YOUR GOAL >> Starting at the line that holds "list \<Rightarrow> 'a" and stopping at the line that holds "nat list \<Rightarrow>", restate the records below word for word, with both of those lines included.

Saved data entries

(* Let $b\ge 2$ be an integer and let $w=d_1\dots d_p$ be a fixed block of $b$-ary digits of length $p\ge 1$. For each integer $k\ge 0$ let $$S_w(k)=\sum_{m}\frac1m,$$ where the sum runs over all positive integers $m$ whose minimal base-$b$ representation (the string of $b$-ary digits without leading zeros) contains exactly $k$ occurrences of $w$, counting possibly overlapping occurrences. Then for every integer $k\ge 1$, $$\Bigl|S_w(k)-b^{p}\log(b)\Bigr|\le (b-1)\,b^{\,p-\max(k,2)+1}.$$
   Context: An occurrence of $w$ in a string $X=x_1\dots x_l$ is an index $i$ with $1\le i\le l-p+1$ and $x_i x_{i+1}\dots x_{i+p-1}=w$. Different occurrences may overlap. *)

theory Defs
  imports "HOL-Analysis.Analysis"
begin

function digits_rev :: "nat \<Rightarrow> nat \<Rightarrow> nat list" where
  "digits_rev b m = (if m = 0 \<or> b < 2 then [] else (m mod b) # digits_rev b (m div b))"
  by auto
termination by (relation "Wellfounded.measure snd") auto

declare digits_rev.simps[simp del]

definition digits :: "nat \<Rightarrow> nat \<Rightarrow> nat list" where
  "digits b m = rev (digits_rev b m)"

definition occurrences :: "'a list \<Rightarrow> 'a list \<Rightarrow> nat" where
  "occurrences w X = card {i. i + length w \<le> length X \<and> take (length w) (drop i X) = w}"

definition occ_set :: "nat \<Rightarrow> nat list \<Rightarrow> nat \<Rightarrow> nat set" where
  "occ_set b w k = {m. m > 0 \<and> occurrences w (digits b m) = k}"

end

EXPECTED ANSWER >>
definition occurrences :: "'a list \<Rightarrow> 'a list \<Rightarrow> nat" where
  "occurrences w X = card {i. i + length w \<le> length X \<and> take (length w) (drop i X) = w}"

definition occ_set :: "nat \<Rightarrow> nat list \<Rightarrow> nat \<Rightarrow> nat set" where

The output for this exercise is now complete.